# Taking care of teeth



## nithu (Dec 28, 2013)

We have a lovely one year old girl with a wonderful temperament. And being first time dog owners we've no idea how to keep Cleo's teeth clean. We were told either to give her chewsticks or to brush her teeth. She's not interested in the chewsticks at all. While i manage to run the brush over her teeth (we got a beef flavoured toothpaste) she snaps the toothbrush in two. Im at a loss now as to what to do after multiple broken brushes. Any pointers?

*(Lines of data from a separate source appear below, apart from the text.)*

lemma SUP_var_obj_eq_infinity_lt_0:
  assumes "a < 0" and "\<not> integrable P (\<lambda>x. alpha_gen a (dens Q P x))"
  shows "(SUP T\<in>test_functions a. ereal (var_obj a Q P T)) = \<infinity>"
proof (rule SUP_var_obj_eq_infinity[where T = "\<lambda>n x. max (- ln (real n + 1)) (- ln (dens Q P x))"])
  show "(\<lambda>x. max (- ln (real n + 1)) (- ln (dens Q P x))) \<in> test_functions a" for n
  proof (rule test_functionsI[where K = "(1 - a) * ln (real n + 1)"])
    fix x
    show "(a - 1) * max (- ln (real n + 1)) (- ln (dens Q P x)) \<le> (1 - a) * ln (real n + 1)"
      using assms(1) mult_left_mono_neg[of "- ln (real n + 1)" "max (- ln (real n + 1)) (- ln (dens Q P x))" "a - 1"]
      by (simp add: algebra_simps)
    have "a * max (- ln (real n + 1)) (- ln (dens Q P x)) \<le> - a * ln (real n + 1)"
      using assms(1) mult_left_mono_neg[of "- ln (real n + 1)" "max (- ln (real n + 1)) (- ln (dens Q P x))" a]
      by simp
    also have "\<dots> \<le> (1 - a) * ln (real n + 1)" by (simp add: algebra_simps)
    finally show "a * max (- ln (real n + 1)) (- ln (dens Q P x)) \<le> (1 - a) * ln (real n + 1)" .
  qed measurable
  show "AE x in P. 0 \<le> (a - 1) * (1 - dens Q P x * exp (max (- ln (real n + 1)) (- ln (dens Q P x))))" for n
    using AE_dens_gt_0
  proof eventually_elim
    case (elim x)
    then have "dens Q P x * exp (- ln (dens Q P x)) \<le> dens Q P x * exp (max (- ln (real n + 1)) (- ln (dens Q P x)))"
      by (intro mult_left_mono) auto
    with elim assms(1) show ?case by (simp add: exp_minus mult_nonpos_nonpos)
  qed
  show "AE x in P. \<forall>\<^sub>F n in sequentially. max (- ln (real n + 1)) (- ln (dens Q P x)) = - ln (dens Q P x)"
  proof (rule AE_I2)
    show "\<forall>\<^sub>F n in sequentially. max (- ln (real n + 1)) (- ln (dens Q P x)) = - ln (dens Q P x)" for x
      using eventually_ln_Suc_ge[of "ln (dens Q P x)"] by eventually_elim simp
  qed
qed (use assms in \<open>simp_all add: mult_neg_neg\<close>)
text \<open>The hypothesis \<open>0 < a\<close> cannot be dropped: \<open>0 * \<infinity> = 0\<close> for extended reals.\<close>
lemma ereal_le_mult_Inf_square:
  fixes r a :: real and C :: "real set"
  assumes "0 < a" and nonneg: "\<And>c. c \<in> C \<Longrightarrow> 0 \<le> c" and bound: "\<And>c. c \<in> C \<Longrightarrow> r \<le> a * c\<^sup>2"
  shows "ereal r \<le> ereal a * (Inf (ereal ` C))\<^sup>2"
proof -
  define s where "s = sqrt (r / a)"
  have "s \<le> c" if "c \<in> C" for c
  proof -
    have "r / a \<le> c\<^sup>2"
      using bound[OF that] \<open>0 < a\<close> by (simp add: divide_le_eq mult.commute)
    then have "s \<le> sqrt (c\<^sup>2)"
      unfolding s_def by (rule real_sqrt_le_mono)
    then show ?thesis using nonneg[OF that] by simp
  qed
  then have s_le: "ereal s \<le> Inf (ereal ` C)"
    by (auto intro: Inf_greatest)
  show ?thesis
  proof (cases "Inf (ereal ` C)")
    case (real c)
    have "r \<le> a * c\<^sup>2"
    proof (cases "0 \<le> r")
      case True
      then have "r = a * s\<^sup>2" "0 \<le> s"
        unfolding s_def using \<open>0 < a\<close> by simp_all
      moreover have "s \<le> c" using s_le real by simp
      ultimately show ?thesis
        using \<open>0 < a\<close> by (simp add: power_mono)
    next
      case False
      moreover have "0 \<le> a * c\<^sup>2" using \<open>0 < a\<close> by simp
      ultimately show ?thesis by simp
    qed
    then show ?thesis using real by simp
  next
    case PInf
    then show ?thesis using \<open>0 < a\<close> by simp
  next
    case MInf
    then show ?thesis using s_le by simp
  qed
qed

lemma adjoint_residual_norm_square_le:
  fixes f :: "'a::{real_inner, complete_space} \<Rightarrow> 'b::real_inner"
  assumes "bounded_linear f" and bound: "\<And>u w. u \<in> Q \<Longrightarrow> w \<in> Q \<Longrightarrow> \<bar>u \<bullet> w - f u \<bullet> f w\<bar> \<le> K"
    and "0 \<le> K" and v: "v \<in> span Q" and "adjoint f (f v) \<in> span Q"
  defines "y \<equiv> v - adjoint f (f v)"
  shows "(norm y)\<^sup>2 \<le> K * atomic_norm Q v * atomic_norm Q y"
proof -
  interpret f: bounded_linear f by fact
  have "y \<in> span Q"
    unfolding y_def using v assms(5) by (rule span_diff)
  have "bilinear (\<lambda>x z. x \<bullet> z - f x \<bullet> f z)"
    unfolding bilinear_def
    by (auto intro!: linearI simp: inner_add_left inner_add_right f.add f.scaleR algebra_simps)
  from bilinear_le_atomic_norm_mult[OF this bound \<open>0 \<le> K\<close> v \<open>y \<in> span Q\<close>]
  have "\<bar>v \<bullet> y - f v \<bullet> f y\<bar> \<le> K * atomic_norm Q v * atomic_norm Q y" .
  moreover have "(norm y)\<^sup>2 = v \<bullet> y - f v \<bullet> f y"
    using adjoint_works_bounded_linear[OF assms(1), of y "f v"]
    by (simp add: power2_norm_eq_inner y_def inner_diff_left inner_commute)
  ultimately show ?thesis by simp
qed

lemma adjoint_residual_norm_le:
  fixes f :: "'a::{real_inner, complete_space} \<Rightarrow> 'b::real_inner"
  assumes "bounded_linear f" and "\<And>u w. u \<in> Q \<Longrightarrow> w \<in> Q \<Longrightarrow> \<bar>u \<bullet> w - f u \<bullet> f w\<bar> \<le> K"
    and "0 \<le> K" and v: "v \<in> span Q" and "adjoint f (f v) \<in> span Q"
    and "0 \<le> c" and c: "\<forall>x\<in>span Q. atomic_norm Q x \<le> c * norm x"
  shows "norm (v - adjoint f (f v)) \<le> K * c\<^sup>2 * norm v"
proof -
  define y where "y = v - adjoint f (f v)"
  have "y \<in> span Q"
    unfolding y_def using v assms(5) by (rule span_diff)
  have "(norm y)\<^sup>2 \<le> K * atomic_norm Q v * atomic_norm Q y"
    unfolding y_def by (rule adjoint_residual_norm_square_le[OF assms(1-5)])
  also have "\<dots> \<le> K * (c * norm v) * (c * norm y)"
    using c v \<open>y \<in> span Q\<close> \<open>0 \<le> K\<close> \<open>0 \<le> c\<close> atomic_norm_nonneg[OF v] atomic_norm_nonneg[OF \<open>y \<in> span Q\<close>]
    by (intro mult_mono mult_left_mono) auto
  finally have "norm y * norm y \<le> (K * c\<^sup>2 * norm v) * norm y"
    by (simp add: power2_eq_square algebra_simps)
  then have "norm y \<le> K * c\<^sup>2 * norm v"
    using \<open>0 \<le> K\<close> by (cases "norm y = 0") simp_all
  then show ?thesis unfolding y_def .
qed

theorem mainTheorem7:
  fixes Q :: "'a::{real_inner, complete_space} set"
    and f :: "'a \<Rightarrow> 'b::euclidean_space"
    and eps :: real
  assumes "bounded Q"
    and "uminus ` Q = Q"
    and "bounded_linear f"
    and "eps > 0"
    and "JL_property f Q eps"
  shows "\<forall>v\<in>span Q. adjoint f (f v) \<in> span Q \<longrightarrow>
    ereal (norm (v - adjoint f (f v))) \<le> ereal (eps * (MQ Q)\<^sup>2 * norm v) * (CQ Q)\<^sup>2"
proof (intro ballI impI)
  fix v assume v: "v \<in> span Q" and adj_v: "adjoint f (f v) \<in> span Q"
  define K where "K = eps * (MQ Q)\<^sup>2"
  define C where "C = {c. 0 \<le> c \<and> (\<forall>x\<in>span Q. atomic_norm Q x \<le> c * norm x)}"
  have K: "\<bar>u \<bullet> w - f u \<bullet> f w\<bar> \<le> K" if "u \<in> Q" "w \<in> Q" for u w
    unfolding K_def using assms(2-5) that norm_le_MQ[OF assms(1)]
    by (intro JL_property_inner_deviation) (auto simp: bounded_linear.linear)
  have "0 \<le> K" unfolding K_def using assms(4) by simp
  show "ereal (norm (v - adjoint f (f v))) \<le> ereal (K * norm v) * (CQ Q)\<^sup>2"
  proof (cases "K * norm v = 0")
    case True
    have "adjoint f 0 = 0"
      using adjoint_works_bounded_linear[OF assms(3), of "adjoint f 0" 0] by simp
    then have "v - adjoint f (f v) = 0"
      using True adjoint_residual_norm_square_le[OF assms(3) K \<open>0 \<le> K\<close> v adj_v]
      by (auto simp: bounded_linear.linear[OF assms(3)] linear_0)
    then show ?thesis unfolding True by (simp flip: zero_ereal_def)
  next
    case False
    then have "0 < K * norm v" using \<open>0 \<le> K\<close> by (simp add: less_le)
    moreover have "norm (v - adjoint f (f v)) \<le> K * norm v * c\<^sup>2" if "c \<in> C" for c
      using adjoint_residual_norm_le[OF assms(3) K \<open>0 \<le> K\<close> v adj_v] that
      unfolding C_def by (simp add: algebra_simps)
    ultimately show ?thesis
      unfolding CQ_def C_def[symmetric] by (intro ereal_le_mult_Inf_square) (auto simp: C_def)
  qed
qed
definition qmult :: "qgraph \<Rightarrow> qgraph \<Rightarrow> qgraph" where
  "qmult q1 q2 = (\<lambda>F. \<Sum>P \<in> {(F1, F2). F1 \<in> qsupp q1 \<and> F2 \<in> qsupp q2 \<and> gprod F1 F2 = F}.
                        q1 (fst P) * q2 (snd P))"

primrec qpow :: "qgraph \<Rightarrow> nat \<Rightarrow> qgraph" where
  "qpow q 0 = qunit"
| "qpow q (Suc n) = qmult q (qpow q n)"

definition ind :: "nat \<Rightarrow> plg \<Rightarrow> qgraph" where
  "ind k F = (\<lambda>F'. if fst F' = fst F \<and> snd F \<subseteq> snd F' \<and> snd F' \<subseteq> all_edges (pverts k (fst F))
                   then (-1) ^ card (snd F' - snd F) else 0)"

definition is_graph :: "'v set \<Rightarrow> ('v \<Rightarrow> 'v \<Rightarrow> bool) \<Rightarrow> bool" where
  "is_graph V E \<longleftrightarrow> finite V \<and> V \<noteq> {} \<and> (\<forall>u v. E u v \<longrightarrow> E v u) \<and> (\<forall>u. \<not> E u u)
     \<and> (\<forall>u v. E u v \<longrightarrow> u \<in> V \<and> v \<in> V)"

definition is_hom :: "('v \<Rightarrow> 'v \<Rightarrow> bool) \<Rightarrow> pvert set set \<Rightarrow> (pvert \<Rightarrow> 'v) \<Rightarrow> bool" where
  "is_hom E EF f \<longleftrightarrow> (\<forall>a b. {a, b} \<in> EF \<longrightarrow> E (f a) (f b))"
lemma prob_eq_of_birkhoff_averages:
  assumes M: "prob_space M" and Q: "prob_space Q" "sets Q = sets M"
    and Q': "prob_space Q'" "sets Q' = sets M"
    and conv: "\<And>f. integrable Q f \<Longrightarrow> AE x in M. (\<lambda>n. birkhoff_sum T f n x / real n) \<longlonglongrightarrow> (\<integral>x. f x \<partial>Q)"
    and conv': "\<And>f. integrable Q' f \<Longrightarrow> AE x in M. (\<lambda>n. birkhoff_sum T f n x / real n) \<longlonglongrightarrow> (\<integral>x. f x \<partial>Q')"
  shows "Q = Q'"
proof (rule measure_eqI)
  interpret P: prob_space M by fact
  interpret Q: prob_space Q by fact
  interpret Q': prob_space Q' by fact
  show "sets Q = sets Q'" using Q Q' by simp
  fix A assume "A \<in> sets Q"
  then have A: "A \<in> sets M" "A \<in> sets Q" "A \<in> sets Q'" using Q Q' by simp_all
  have "AE x in M. (\<lambda>n. birkhoff_sum T (indicator A) n x / real n) \<longlonglongrightarrow> measure Q A"
    using conv[of "indicator A"] A(2) by (simp add: Q.emeasure_finite less_top[symmetric])
  moreover have "AE x in M. (\<lambda>n. birkhoff_sum T (indicator A) n x / real n) \<longlonglongrightarrow> measure Q' A"
    using conv'[of "indicator A"] A(3) by (simp add: Q'.emeasure_finite less_top[symmetric])
  ultimately have "AE x in M. measure Q A = measure Q' A"
    by eventually_elim (rule LIMSEQ_unique)
  then show "emeasure Q A = emeasure Q' A"
    using A by (simp add: Q.emeasure_eq_measure Q'.emeasure_eq_measure)
qed

theorem corollary3p4:
  fixes M :: "'a measure" and T :: "'a \<Rightarrow> 'a" and V :: "'a set \<Rightarrow> real"
  assumes "prob_space M"
    and "T \<in> measurable M M"
    and "upper_probability M V"
    and "T_invariant_capacity M T V"
    and "ergodic_capacity M T V"
    and "in_core M V M"
  shows "\<exists>!Q. Q \<in> ergodic_probs M T \<and> in_core M V Q \<and>
           (\<forall>f :: 'a \<Rightarrow> real. integrable Q f \<longrightarrow>
              (AE \<omega> in M. (\<lambda>n. (\<Sum>i<n. f ((T ^^ i) \<omega>)) / real n) \<longlonglongrightarrow> integral\<^sup>L Q f))"
proof -
  interpret prob_transformation M T
    using assms(1,2) by (simp add: prob_transformation_def prob_transformation_axioms_def)
  obtain Q where Q: "mpt Q T" "sets Q = sets M" "in_core M V Q"
    using ex_invariant_prob_in_core[OF assms(3,4,6)] .
  interpret Q: mpt Q T by (rule Q(1))
  have conv: "AE \<omega> in M. (\<lambda>n. birkhoff_sum T f n \<omega> / real n) \<longlonglongrightarrow> integral\<^sup>L Q f"
    if "integrable Q f" for f
    using AE_birkhoff_average_tendsto[OF assms(1,5,6) Q that] .
  show ?thesis
  proof (rule ex1I[of _ Q], intro conjI allI impI)
    show "Q \<in> ergodic_probs M T"
      using Q(1,2) assms(5) Q(3) by (rule mpt_in_core_ergodic_probs)
    show "in_core M V Q" by (rule Q(3))
    show "AE \<omega> in M. (\<lambda>n. (\<Sum>i<n. f ((T ^^ i) \<omega>)) / real n) \<longlonglongrightarrow> integral\<^sup>L Q f"
      if "integrable Q f" for f
      using conv[OF that] by (simp add: birkhoff_sum_def)
  next
    fix Q' assume Q': "Q' \<in> ergodic_probs M T \<and> in_core M V Q' \<and>
      (\<forall>f. integrable Q' f \<longrightarrow>
        (AE \<omega> in M. (\<lambda>n. (\<Sum>i<n. f ((T ^^ i) \<omega>)) / real n) \<longlonglongrightarrow> integral\<^sup>L Q' f))"
    show "Q' = Q"
    proof (rule prob_eq_of_birkhoff_averages[OF assms(1) _ _ Q.prob_space_axioms Q(2) _ conv])
      show "prob_space Q'" "sets Q' = sets M"
        using Q' by (simp_all add: ergodic_probs_def)
      show "AE \<omega> in M. (\<lambda>n. birkhoff_sum T f n \<omega> / real n) \<longlonglongrightarrow> integral\<^sup>L Q' f"
        if "integrable Q' f" for f
        using Q' that by (simp add: birkhoff_sum_def)
    qed
  qed
qed

end
lemma tangent_cone_nearest_points:
  fixes C :: "'a::euclidean_space set"
  assumes "closed C" and "w \<in> tangent_cone C x"
  obtains t wk q where "\<forall>k. t k > 0" "t \<longlonglongrightarrow> 0" "wk \<longlonglongrightarrow> w" "\<forall>k. x + t k *\<^sub>R q k \<in> C"
    "\<forall>k. \<forall>c\<in>C. dist (x + t k *\<^sub>R p) (x + t k *\<^sub>R q k) \<le> dist (x + t k *\<^sub>R p) c"
    "\<forall>k. norm (p - q k) \<le> norm (p - wk k)"
proof -
  from assms(2) obtain t wk where t: "x \<in> C" "\<forall>k. t k > 0" "t \<longlonglongrightarrow> 0" "wk \<longlonglongrightarrow> w"
      "\<forall>k. x + t k *\<^sub>R wk k \<in> C"
    by (auto simp: mem_tangent_cone_iff)
  then have "C \<noteq> {}" by auto
  have "\<exists>z. z \<in> C \<and> (\<forall>c\<in>C. dist a z \<le> dist a c)" for a
    by (rule distance_attains_inf[OF assms(1) \<open>C \<noteq> {}\<close>, of a]) blast
  then have "\<forall>k. \<exists>z. z \<in> C \<and> (\<forall>c\<in>C. dist (x + t k *\<^sub>R p) z \<le> dist (x + t k *\<^sub>R p) c)"
    by blast
  then obtain Z where Z: "\<forall>k. Z k \<in> C \<and> (\<forall>c\<in>C. dist (x + t k *\<^sub>R p) (Z k) \<le> dist (x + t k *\<^sub>R p) c)"
    by metis
  define q where "q k = (1 / t k) *\<^sub>R (Z k - x)" for k
  have Zq: "Z k = x + t k *\<^sub>R q k" for k
    using t(2)[rule_format, of k] by (simp add: q_def)
  have in_C: "\<forall>k. x + t k *\<^sub>R q k \<in> C"
    and nearest: "\<forall>k. \<forall>c\<in>C. dist (x + t k *\<^sub>R p) (x + t k *\<^sub>R q k) \<le> dist (x + t k *\<^sub>R p) c"
    using Z by (simp_all add: Zq[symmetric])
  have "norm (p - q k) \<le> norm (p - wk k)" for k
  proof -
    have "dist (x + t k *\<^sub>R p) (x + t k *\<^sub>R q k) \<le> dist (x + t k *\<^sub>R p) (x + t k *\<^sub>R wk k)"
      using nearest t(5) by blast
    then have "norm (t k *\<^sub>R (p - q k)) \<le> norm (t k *\<^sub>R (p - wk k))"
      by (simp add: dist_norm algebra_simps)
    then show ?thesis using t(2)[rule_format, of k] by simp
  qed
  then show thesis
    using that t(2,3,4) in_C nearest by blast
qed
(* Let $n\ge 3$ and $m\ge 5$ be integers, let $\delta\in\{0,\dots,n-1\}$ with $\gcd(1+\delta,n)=1$, and let $G=\langle x\rangle$ be cyclic of order $n$. Let $\Delta$ be the graph with vertex set $G\times\{0,\dots,m-1\}$ (write $g_i=(g,i)$, $G_i=G\times\{i\}$) whose edges are exactly the following: there are no edges inside $G_0$ or inside $G_3$; $G_1$ and $G_2$ each induce complete graphs; for $i\in\{4,\dots,m-1\}$ the edges inside $G_i$ are $\{g_i,(xg)_i\}$, $g\in G$; $g_0\sim g'_2$ iff $g\ne g'$; $g_2\sim g'_3$ iff $g=g'$; $g_3\sim g'_{m-1}$ iff $g\ne g'$; $g_1\sim g'_4$ iff $g\ne g'$; for $\ell\in\{4,\dots,m-2\}$, $g_\ell\sim g'_{\ell+1}$ iff $g\ne g'$; $g_0\sim g'_3$ for all $g,g'$; $g_0\sim g'_1$ iff $g'g^{-1}=x$; $g_1\sim g'_2$ iff $g'g^{-1}=x^\delta$. Identifying each $g\in G$ with the permutation $y_i\mapsto(yg)_i$ of the vertex set, $\mathrm{Aut}(\Delta)=G$. Consequently, every cyclic group of order at least $3$ admits an $m$-GRR for every $m\ge 5$.
   Context: An $m$-GRR for a group $G$ is a finite regular simple graph having a semiregular group of automorphisms isomorphic to $G$ with exactly $m$ vertex-orbits and whose full automorphism group is isomorphic to $G$. *)

theory Defs
  imports "HOL-Algebra.Algebra"
begin

definition simple_graph :: "'v set \<Rightarrow> ('v \<Rightarrow> 'v \<Rightarrow> bool) \<Rightarrow> bool" where
  "simple_graph V E \<longleftrightarrow> finite V \<and> (\<forall>u v. E u v \<longrightarrow> u \<in> V \<and> v \<in> V)
     \<and> (\<forall>u v. E u v \<longrightarrow> E v u) \<and> (\<forall>v. \<not> E v v)"

definition regular_graph :: "'v set \<Rightarrow> ('v \<Rightarrow> 'v \<Rightarrow> bool) \<Rightarrow> bool" where
  "regular_graph V E \<longleftrightarrow> (\<exists>k. \<forall>v\<in>V. card {u \<in> V. E v u} = k)"

definition graph_auts :: "'v set \<Rightarrow> ('v \<Rightarrow> 'v \<Rightarrow> bool) \<Rightarrow> ('v \<Rightarrow> 'v) set" where
  "graph_auts V E = {f \<in> Bij V. \<forall>u\<in>V. \<forall>v\<in>V. E (f u) (f v) \<longleftrightarrow> E u v}"

definition Aut_group :: "'v set \<Rightarrow> ('v \<Rightarrow> 'v \<Rightarrow> bool) \<Rightarrow> ('v \<Rightarrow> 'v) monoid" where
  "Aut_group V E = (BijGroup V)\<lparr>carrier := graph_auts V E\<rparr>"

definition semiregular_on :: "'v set \<Rightarrow> ('v \<Rightarrow> 'v) set \<Rightarrow> bool" where
  "semiregular_on V H \<longleftrightarrow> (\<forall>h\<in>H. \<forall>v\<in>V. h v = v \<longrightarrow> h = (\<lambda>x\<in>V. x))"

definition is_mGRR :: "nat \<Rightarrow> ('a, 'b) monoid_scheme \<Rightarrow> 'v set \<Rightarrow> ('v \<Rightarrow> 'v \<Rightarrow> bool) \<Rightarrow> bool" where
  "is_mGRR m G V E \<longleftrightarrow> simple_graph V E \<and> regular_graph V E \<and>
     (\<exists>H. subgroup H (Aut_group V E) \<and> semiregular_on V H \<and>
          card (orbits ((Aut_group V E)\<lparr>carrier := H\<rparr>) V (\<lambda>h v. h v)) = m \<and>
          (Aut_group V E)\<lparr>carrier := H\<rparr> \<cong> G) \<and>
     Aut_group V E \<cong> G"

text \<open>G = <x> cyclic of order n is modelled as Z/nZ = {0..<n} with x = 1 (additively);
  the vertex (g,i) is g_i. Delta_rel lists each edge {(a,i),(b,j)} with i \<le> j.\<close>

definition Delta_rel :: "nat \<Rightarrow> nat \<Rightarrow> nat \<Rightarrow> nat \<times> nat \<Rightarrow> nat \<times> nat \<Rightarrow> bool" where
  "Delta_rel n m \<delta> u v = (case (u, v) of ((a, i), (b, j)) \<Rightarrow>
     a < n \<and> b < n \<and> i < m \<and> j < m \<and>
     ((i = 1 \<and> j = 1 \<and> a \<noteq> b) \<or>
      (i = 2 \<and> j = 2 \<and> a \<noteq> b) \<or>
      (4 \<le> i \<and> i = j \<and> b = (a + 1) mod n) \<or>
      (i = 0 \<and> j = 2 \<and> a \<noteq> b) \<or>
      (i = 2 \<and> j = 3 \<and> a = b) \<or>
      (i = 3 \<and> j = m - 1 \<and> a \<noteq> b) \<or>
      (i = 1 \<and> j = 4 \<and> a \<noteq> b) \<or>
      (4 \<le> i \<and> i \<le> m - 2 \<and> j = i + 1 \<and> a \<noteq> b) \<or>
      (i = 0 \<and> j = 3) \<or>
      (i = 0 \<and> j = 1 \<and> b = (a + 1) mod n) \<or>
      (i = 1 \<and> j = 2 \<and> b = (a + \<delta>) mod n)))"

definition Delta_adj :: "nat \<Rightarrow> nat \<Rightarrow> nat \<Rightarrow> nat \<times> nat \<Rightarrow> nat \<times> nat \<Rightarrow> bool" where
  "Delta_adj n m \<delta> u v \<longleftrightarrow> Delta_rel n m \<delta> u v \<or> Delta_rel n m \<delta> v u"

definition Delta_verts :: "nat \<Rightarrow> nat \<Rightarrow> (nat \<times> nat) set" where
  "Delta_verts n m = {0..<n} \<times> {0..<m}"

definition right_transl :: "nat \<Rightarrow> nat \<Rightarrow> nat \<Rightarrow> nat \<times> nat \<Rightarrow> nat \<times> nat" where
  "right_transl n m g = (\<lambda>(y, i) \<in> Delta_verts n m. ((y + g) mod n, i))"

end

(* Every automorphism of Delta fixes each layer G_i = G x {i} setwise, because the layers can be
   recognised inside the graph: G_0 and G_3 together are the vertices on edges lying in no
   triangle (the edges g_0 ~ g'_3), G_1 consists of the other vertices with exactly one
   neighbour there, G_0 is the part of G_0 u G_3 adjacent to G_1, G_2 is the rest of the
   neighbourhood of G_0, and G_4, G_5, ..., G_(m-1) follow one by one, each consisting of the
   vertices not yet placed that are adjacent to its predecessor on the path G_1, G_4, ...,
   G_(m-1).  So an automorphism acts on G_i by a permutation s_i of G.  Two layers joined by the
   relation "g ~ g' iff g <> g'" (or "iff g = g'") carry the same permutation, and these
   relations connect all layers, so all s_i agree; the matching g_0 ~ (xg)_1 then forces
   s(xg) = x s(g), i.e. the automorphism is a right translation.
   For the second claim take delta = 0 and n = |G|: Delta is regular of valency 2n, the right
   translations act semiregularly with m orbits, and transporting Delta to G x {0..m-1} along
   k |-> x^k gives an m-GRR for the cyclic group G = <x>. *)

theory Submission
  imports Defs
begin

lemma mod_add_right_cancel_less:
  fixes a b k n :: nat
  assumes "a < n" "b < n"
  shows "(a + k) mod n = (b + k) mod n \<longleftrightarrow> a = b"
proof
  have le_case: "a = b" if "a \<le> b" "b < n" "(a + k) mod n = (b + k) mod n" for a b
  proof -
    have "n dvd b - a"
      using that mod_eq_dvd_iff_nat[of "a + k" "b + k" n] by simp
    moreover have "b - a < n" using that by simp
    ultimately have "b - a = 0" using nat_dvd_not_less by blast
    then show "a = b" using that by simp
  qed
  show "(a + k) mod n = (b + k) mod n \<Longrightarrow> a = b"
    using le_case[of a b] le_case[of b a] assms by linarith
qed simp

lemma mod_add_neq_self:
  fixes a k n :: nat
  assumes "0 < k" "k < n" "a < n"
  shows "(a + k) mod n \<noteq> a"
  using mod_add_right_cancel_less[of k n 0 a] assms by (simp add: add.commute)

lemma mod_add_eq_iff_sub:
  fixes a b k n :: nat
  assumes "a < n" "b < n" "k \<le> n"
  shows "b = (a + k) mod n \<longleftrightarrow> a = (b + (n - k)) mod n"
proof -
  have shift_back: "((c + j) mod n + (n - j)) mod n = c" if "c < n" "j \<le> n" for c j
  proof -
    have "((c + j) mod n + (n - j)) mod n = (c + j + (n - j)) mod n"
      by (rule mod_add_left_eq)
    also have "c + j + (n - j) = c + n" using that by simp
    finally show ?thesis using that by simp
  qed
  show ?thesis
    using shift_back[of a k] shift_back[of b "n - k"] assms by auto
qed

lemma mod_add_shift_eq_iff:
  fixes a b g k n :: nat
  assumes "a < n" "b < n"
  shows "(b + g) mod n = ((a + g) mod n + k) mod n \<longleftrightarrow> b = (a + k) mod n"
proof -
  have "((a + g) mod n + k) mod n = (a + g + k) mod n"
    by (rule mod_add_left_eq)
  also have "a + g + k = a + k + g"
    by simp
  also have "(a + k + g) mod n = ((a + k) mod n + g) mod n"
    by (rule mod_add_left_eq[symmetric])
  finally have "((a + g) mod n + k) mod n = ((a + k) mod n + g) mod n" .
  moreover have "(a + k) mod n < n" using assms by simp
  ultimately show ?thesis
    using mod_add_right_cancel_less[of b n "(a + k) mod n" g] assms by simp
qed

section \<open>Graph automorphisms and invariant vertex sets\<close>

lemma graph_auts_bij_betw: "f \<in> graph_auts V E \<Longrightarrow> bij_betw f V V"
  by (simp add: graph_auts_def Bij_def)

lemma graph_auts_extensional: "f \<in> graph_auts V E \<Longrightarrow> f \<in> extensional V"
  by (simp add: graph_auts_def Bij_def)

lemma graph_auts_closed: "f \<in> graph_auts V E \<Longrightarrow> v \<in> V \<Longrightarrow> f v \<in> V"
  using graph_auts_bij_betw bij_betwE by blast

lemma graph_auts_adj_iff:
  "f \<in> graph_auts V E \<Longrightarrow> u \<in> V \<Longrightarrow> v \<in> V \<Longrightarrow> E (f u) (f v) \<longleftrightarrow> E u v"
  by (simp add: graph_auts_def)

Sent from Petguide.com Free App


----------



## Karen519 (Aug 21, 2006)

*Nithu*

Nithu

I'd ask the vet if they have any tricks, but I think I'd practice rubbing your fingers over her gums and when she gets more comfortable with it, try the toothbrush, again. They also sell little tootbrushes you can put on your finger.


----------



## texasx96 (Mar 13, 2013)

Something else that you might add to the mix....
I got some mint flavored fluoride from Petsmart that I mix with Rowdy's water.


----------



## CRS250 (Dec 31, 2012)

Our guy Murphy was having some plaque and stinky breath when he was around 8 months. I bought a finger tooth brush and peanut butter toothpaste, started scrubbing his teeth, he thought it was the best game ever!!! Usually he's not allowed to mouth or chew on my hands and here I was sticking my finger in there all lathered up with yummy tasting peanut butter. Some where around the third time I did this I thought there has to be a better way. Enter dentatreat...

DentaTreat

We use it a couple of times a week sprinkled on his food, he absolutely loves the taste, more so than his regular food. I've never had or seen a dog with as white of teeth as Murphy has on this supplement, same goes for breath. He's on ToTW salmon and he's fishy right after meals but his breath is not noticeable after an hour. Pretty good look into some of his teeth in this pic. There is literally no yellow in any part of his mouth.


----------



## CRS250 (Dec 31, 2012)

CRS250 said:


> Our guy Murphy was having some plaque and stinky breath when he was around 8 months. I bought a finger tooth brush and peanut butter toothpaste, started scrubbing his teeth, he thought it was the best game ever!!! Usually he's not allowed to mouth or chew on my hands and here I was sticking my finger in there all lathered up with yummy tasting peanut butter. Some where around the third time I did this I thought there has to be a better way. Enter dentatreat...
> 
> DentaTreat
> 
> We use it a couple of times a week sprinkled on his food, he absolutely loves the taste, more so than his regular food. I've never had or seen a dog with as white of teeth as Murphy has on this supplement, same goes for breath. He's on ToTW salmon and he's fishy right after meals but his breath is not noticeable after an hour. Pretty good look into some of his teeth in this pic. There is literally no yellow in any part of his mouth.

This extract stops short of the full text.